Mailing List Archives
Authenticated access
|
|
|
[Date Prev][Date Next][Thread Prev][Thread Next][Date Index][Thread Index]
Re: [HTCondor-users] nodes without cgrouped jobs?
- Date: Fri, 29 Jun 2018 18:42:02 -0700
- From: Stuart Anderson <anderson@xxxxxxxxxxxxxxxx>
- Subject: Re: [HTCondor-users] nodes without cgrouped jobs?
> On 06/29/2018 03:16 AM, Thomas Hartmann wrote:
>
> Hi Gred,
>
> many thanks - turning on cgroup delegation seem to do the trick!! :)
>
> With the delegate option on for all controllers in the Condor unit's
> service section [1], the job slices survived all new/restarts of other
> units!
I can confirm that Greg's suggestion to set Delegate=true solved a similar cgroup problem for LIGO. In particular, as discovered by Greg, systemd under certain circumstances (e.g., systemctl daemon-reload and restarting non-condor services) was moving condor user processes in dynamic slots out of their condor created cgroups, which bypassed the resource rules put in place for each dynamic slot.

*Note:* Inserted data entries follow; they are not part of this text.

lemma sqrt_div_15_le_of_square_bound:
  fixes T m :: real
  assumes "0 \<le> T" and "0 < m" and "2 / 3 \<le> (2 * T + 1)\<^sup>2 / m"
  shows "sqrt (m / 15) - sqrt (1 / 5) \<le> T"
proof -
  define s where "s = sqrt (1 / 5 :: real)"
  have "1 / 5 \<le> s"
    unfolding s_def by (rule real_le_rsqrt) (simp add: power2_eq_square)
  then have "T * (1 / 5) \<le> T * s"
    using assms(1) by (rule mult_left_mono)
  moreover have "s\<^sup>2 = 1 / 5"
    by (simp add: s_def)
  moreover have "2 * m \<le> 3 * (2 * T + 1)\<^sup>2"
    using assms(2,3) by (simp add: field_simps)
  moreover have "(T + s)\<^sup>2 = T\<^sup>2 + 2 * (T * s) + s\<^sup>2" and "(2 * T + 1)\<^sup>2 = 4 * T\<^sup>2 + 4 * T + 1"
    by (simp_all add: power2_eq_square algebra_simps)
  ultimately have "m / 15 \<le> (T + s)\<^sup>2"
    using zero_le_power2[of T] by linarith
  then have "sqrt (m / 15) \<le> T + s"
    using \<open>1 / 5 \<le> s\<close> assms(1) by (simp add: real_le_lsqrt)
  then show ?thesis
    by (simp add: s_def)
qed

theorem proposition4p9:
  fixes n m T :: nat and U0 :: qop and Us :: "qop list" and init :: "nat \<times> nat"
  assumes "m \<ge> 2"
    and "query_alg n m T U0 Us init"
    and "avg_success n m U0 Us init \<ge> 2 / 3"
  shows "real T \<ge> sqrt (real m / 15) - sqrt (1 / 5)"
proof (rule sqrt_div_15_le_of_square_bound)
  show "2 / 3 \<le> (2 * real T + 1)\<^sup>2 / real m"
    using order_trans[OF assms(3) avg_success_le[OF assms(2)]] assms(1) by simp
qed (use assms(1) in auto)

end
lemma span_over_insert_decompose:
  assumes "finite B" "b \<notin> B" "v \<in> span_over K (insert b B)"
  shows "\<exists>a w. a \<in> K \<and> w \<in> span_over K B \<and> v = a * b + w"
proof -
  obtain c where c: "\<forall>m\<in>insert b B. c m \<in> K" "v = (\<Sum>m\<in>insert b B. c m * m)"
    using assms(3) unfolding span_over_def by blast
  have "(\<Sum>m\<in>B. c m * m) \<in> span_over K B" using c(1) unfolding span_over_def by auto
  moreover have "v = c b * b + (\<Sum>m\<in>B. c m * m)" using c(2) assms(1,2) by simp
  ultimately show ?thesis using c(1) by blast
qed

A cgroup expert shouLD confirm, but according to https://www.freedesktop.org/wiki/Software/systemd/ControlGroupInterface/ it looks like Condor should be setting Delegate=yes by default,
"Services must set Delegate=yes for the units they intend to manage subcgroups of. If they create and manipulate cgroups outside of units that have Delegate=yes set, they violate the access contract for control groups."
Kudos to Greg for tracking this down!
P.S. This has only been confirmed with single machine testing so far, but I fully expect it will solve a cluster-wide problem once we restart all of the startd with Delegate=true.
--
Stuart Anderson anderson@xxxxxxxxxxxxxxxx
http://www.ligo.caltech.edu/~anderson